使用csv文件作为输入应用主题建模LDA

时间:2016-09-27 08:21:40

标签: csv lda topic-modeling

以下是关于示例lda文本数据的主题建模的代码。任何人都可以帮我为csv文件做同样的事情。

from __future__ import division, print_function
import numpy as np
import lda
import csv
import os
import lda.datasets
with open(os.path.join('c:\users\kaila\jobdescription.csv'), "r") as csvfile:
    X = csv.reader(csvfile, delimiter=' ', quotechar='|')

X = lda.datasets.load_reuters()
print("type(X): {}".format(type(X)))

vocab = lda.datasets.load_reuters_vocab()
print("type(vocab): {}".format(type(vocab)))

titles = lda.datasets.load_reuters
X = lda.datasets.load_reuters()
print("type(X): {}".format(type(X)))

print("shape: {}\n".format(X.shape))

vocab = lda.datasets.load_reuters_vocab()
print("type(vocab): {}".format(type(vocab)))

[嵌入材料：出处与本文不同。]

fun sf_eval :: "'n sfexpr \<Rightarrow> (real ^ 'n) \<Rightarrow> real" where
  "sf_eval (SAdd a b) y = sf_eval a y + sf_eval b y"
| "sf_eval (SMul a b) y = sf_eval a y * sf_eval b y"
| "sf_eval (SDiv a b) y = sf_eval a y / sf_eval b y"
| "sf_eval (SConst c) y = c"
| "sf_eval (SVar i) y = y $ i"

definition positive_orthant :: "(real ^ 'n) set" where
  "positive_orthant = {x. \<forall>i. x $ i > 0}"

definition log_convex :: "(real ^ 'n) set \<Rightarrow> bool" where
  "log_convex R \<longleftrightarrow> R \<subseteq> positive_orthant \<and> convex ((\<lambda>x. \<chi> i. ln (x $ i)) ` R)"

end

theory Submission
  imports Defs
begin

text \<open>No roots are needed: \<open>p = q = 1\<close> works, and log-convexity only serves to place \<open>R\<close>
  in the positive orthant. By Stone--Weierstrass, \<open>\<ell>\<close> is uniformly close to a polynomial \<open>g\<close>,
  and every polynomial is a difference \<open>a - b\<close> of two subtraction-free expressions. Where
  \<open>g > 0\<close> we have \<open>t = b / a < 1\<close>, and \<open>a - b = a / (1 + t + t\<^sup>2 + \<dots>)\<close> is approximated
  by the subtraction-free \<open>a / (1 + t + \<dots> + t\<^sup>k)\<close>, whose relative error
  \<open>t\<^sup>k\<^sup>+\<^sup>1 / (1 - t\<^sup>k\<^sup>+\<^sup>1)\<close> is uniformly small because \<open>t\<close> stays below a constant
  \<open>\<theta> < 1\<close> on the compact set. Since \<open>\<ell>\<close> is bounded away from \<open>0\<close>, a small absolute error
  is a small relative error.\<close>

lemma sf_eval_pos:
  assumes "sf_wf E" and "x \<in> positive_orthant"
  shows "sf_eval E x > 0"
  using assms by (induction E) (auto simp: positive_orthant_def)

lemma continuous_on_sf_eval:
  assumes "sf_wf E"
  shows "continuous_on positive_orthant (sf_eval E)"
  using assms
proof (induction E)
  case (SDiv a b)
  then show ?case
    using sf_eval_pos[of b] by (auto intro!: continuous_intros simp: less_imp_neq[symmetric])
qed (auto intro!: continuous_intros)

lemma compact_continuous_pos_bounded_below:
  fixes f :: "'a::topological_space \<Rightarrow> real"
  assumes "compact K" and "continuous_on K f" and "\<forall>x\<in>K. f x > 0"
  obtains c where "c > 0" and "\<forall>x\<in>K. c \<le> f x"
proof (cases "K = {}")
  case True
  then show ?thesis using that[of 1] by simp
next
  case False
  then obtain x0 where "x0 \<in> K" and "\<forall>x\<in>K. f x0 \<le> f x"
    using continuous_attains_inf[OF assms(1) False assms(2)] by blast
  then show ?thesis using that[of "f x0"] assms(3) by blast
qed

lemma compact_continuous_bounded_above:
  fixes f :: "'a::topological_space \<Rightarrow> real"
  assumes "compact K" and "continuous_on K f"
  obtains M where "M > 0" and "\<forall>x\<in>K. f x \<le> M"
proof -
  have "bounded (f ` K)"
    using compact_continuous_image[OF assms(2,1)] by (rule compact_imp_bounded)
  then show ?thesis
    using that unfolding bounded_pos by (auto dest: abs_le_D1)
qed

definition sf_differences :: "(real ^ 'n \<Rightarrow> real) set" where
  "sf_differences = {(\<lambda>x. sf_eval A x - sf_eval B x) | A B. sf_wf A \<and> sf_wf B}"

lemma sf_differencesI:
  assumes "sf_wf A" and "sf_wf B" and "\<And>x. g x = sf_eval A x - sf_eval B x"
  shows "g \<in> sf_differences"
  using assms unfolding sf_differences_def by blast

lemma sf_differencesE:
  assumes "g \<in> sf_differences"
  obtains A B where "sf_wf A" and "sf_wf B" and "g = (\<lambda>x. sf_eval A x - sf_eval B x)"
  using assms unfolding sf_differences_def by blast

lemma sf_differences_const: "(\<lambda>x. c) \<in> sf_differences"
  by (rule sf_differencesI[of "SConst (max c 0 + 1)" "SConst (max (- c) 0 + 1)"]) auto

lemma sf_differences_component: "(\<lambda>x. x $ i) \<in> sf_differences"
  by (rule sf_differencesI[of "SAdd (SVar i) (SConst 1)" "SConst 1"]) auto

lemma sf_differences_add:
  assumes "f \<in> sf_differences" and "g \<in> sf_differences"
  shows "(\<lambda>x. f x + g x) \<in> sf_differences"
proof -
  obtain A1 B1 where wf1: "sf_wf A1" "sf_wf B1" and f: "f = (\<lambda>x. sf_eval A1 x - sf_eval B1 x)"
    using assms(1) by (rule sf_differencesE)
  obtain A2 B2 where wf2: "sf_wf A2" "sf_wf B2" and g: "g = (\<lambda>x. sf_eval A2 x - sf_eval B2 x)"
    using assms(2) by (rule sf_differencesE)
  show ?thesis
    by (rule sf_differencesI[of "SAdd A1 A2" "SAdd B1 B2"]) (simp_all add: wf1 wf2 f g)
qed

lemma sf_differences_mult:
  assumes "f \<in> sf_differences" and "g \<in> sf_differences"
  shows "(\<lambda>x. f x * g x) \<in> sf_differences"
proof -
  obtain A1 B1 where wf1: "sf_wf A1" "sf_wf B1" and f: "f = (\<lambda>x. sf_eval A1 x - sf_eval B1 x)"
    using assms(1) by (rule sf_differencesE)
  obtain A2 B2 where wf2: "sf_wf A2" "sf_wf B2" and g: "g = (\<lambda>x. sf_eval A2 x - sf_eval B2 x)"
    using assms(2) by (rule sf_differencesE)
  show ?thesis
    by (rule sf_differencesI[of "SAdd (SMul A1 A2) (SMul B1 B2)" "SAdd (SMul A1 B2) (SMul B1 A2)"])
      (simp_all add: wf1 wf2 f g algebra_simps)
qed

lemma sf_differences_sum:
  assumes "finite S" and "\<forall>i\<in>S. f i \<in> sf_differences"
  shows "(\<lambda>x. \<Sum>i\<in>S. f i x) \<in> sf_differences"
  using assms
proof (induction S rule: finite_induct)
  case empty
  then show ?case using sf_differences_const[of 0] by simp
next
  case (insert a F)
  then show ?case using sf_differences_add[of "f a" "\<lambda>x. \<Sum>i\<in>F. f i x"] by simp
qed

lemma sf_differences_linear:
  fixes f :: "real ^ 'n \<Rightarrow> real"
  assumes "linear f"
  shows "f \<in> sf_differences"
proof -
  have "f x = (\<Sum>i\<in>Basis. (x \<bullet> i) * f i)" for x
    using Linear_Algebra.linear_componentwise[OF assms, where j = 1 and x = x] by simp
  then have expansion: "f = (\<lambda>x. \<Sum>i\<in>Basis. (x \<bullet> i) * f i)" ..
  have "(\<lambda>x. (x \<bullet> i) * f i) \<in> sf_differences" if "i \<in> Basis" for i
  proof -
    have "\<exists>j. i = axis j 1"
      using that unfolding Basis_vec_def by simp
    then show ?thesis
      using sf_differences_mult[OF sf_differences_component sf_differences_const] by (auto simp: inner_axis)
  qed
  then show ?thesis
    by (subst expansion) (simp add: sf_differences_sum)
qed

lemma sf_differences_polynomial:
  fixes g :: "real ^ 'n \<Rightarrow> real"
  assumes "real_polynomial_function g"
  shows "g \<in> sf_differences"
  using assms
proof (induction rule: real_polynomial_function.induct)
  case (linear f)
  then show ?case by (simp add: bounded_linear.linear sf_differences_linear)
qed (auto intro: sf_differences_const sf_differences_add sf_differences_mult)

fun sf_geometric :: "'n sfexpr \<Rightarrow> nat \<Rightarrow> 'n sfexpr" where
  "sf_geometric T 0 = SConst 1"
| "sf_geometric T (Suc k) = SAdd (SConst 1) (SMul T (sf_geometric T k))"

lemma sf_wf_sf_geometric: "sf_wf T \<Longrightarrow> sf_wf (sf_geometric T k)"
  by (induction k) auto

lemma sf_eval_sf_geometric: "sf_eval (sf_geometric T k) x = (\<Sum>i\<le>k. sf_eval T x ^ i)"
  by (induction k) (simp_all add: sum.atMost_Suc_shift sum_distrib_left del: sum.atMost_Suc)

definition sf_diff_approx :: "'n sfexpr \<Rightarrow> 'n sfexpr \<Rightarrow> nat \<Rightarrow> 'n sfexpr" where
  "sf_diff_approx A B k = SDiv A (sf_geometric (SDiv B A) k)"

lemma sf_wf_sf_diff_approx: "sf_wf A \<Longrightarrow> sf_wf B \<Longrightarrow> sf_wf (sf_diff_approx A B k)"
  by (simp add: sf_diff_approx_def sf_wf_sf_geometric)

lemma sf_eval_sf_diff_approx:
  assumes "0 < sf_eval B x" and "sf_eval B x < sf_eval A x"
  shows "sf_eval (sf_diff_approx A B k) x
    = (sf_eval A x - sf_eval B x) / (1 - (sf_eval B x / sf_eval A x) ^ Suc k)"
proof -
  define a b where "a = sf_eval A x" and "b = sf_eval B x"
  define t where "t = b / a"
  have "a > 0" and "t \<noteq> 1"
    using assms unfolding a_def b_def t_def by auto
  have "1 - t ^ Suc k = (1 - t) * (\<Sum>i\<le>k. t ^ i)"
    using one_diff_power_eq[of t "Suc k"] by (simp add: lessThan_Suc_atMost)
  moreover have "a - b = a * (1 - t)"
    using \<open>a > 0\<close> by (simp add: t_def algebra_simps)
  ultimately have "a / (\<Sum>i\<le>k. t ^ i) = (a - b) / (1 - t ^ Suc k)"
    using \<open>t \<noteq> 1\<close> by simp
  then show ?thesis
    by (simp add: sf_diff_approx_def sf_eval_sf_geometric a_def b_def t_def)
qed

print("len(vocab): {}\n".format(len(vocab)))

titles = lda.datasets.load_reuters()
titles = lda.datasets.load_reuters_titles()
print("type(titles): {}".format(type(titles)))

print("len(titles): {}\n".format(len(titles)))

doc_id = 0
word_id = 3117
print("doc id: {} word id: {}".format(doc_id, word_id))

print("-- count: {}".format(X[doc_id, word_id]))

print("-- word: {}".format(vocab[word_id]))

print("-- doc: {}".format(titles[doc_id]))

model = lda.LDA(n_topics = 20, n_iter = 500, random_state = 1)
model.fit(X)

topic_word = model.topic_word_
print("type(topic_word): {}".format(type(topic_word)))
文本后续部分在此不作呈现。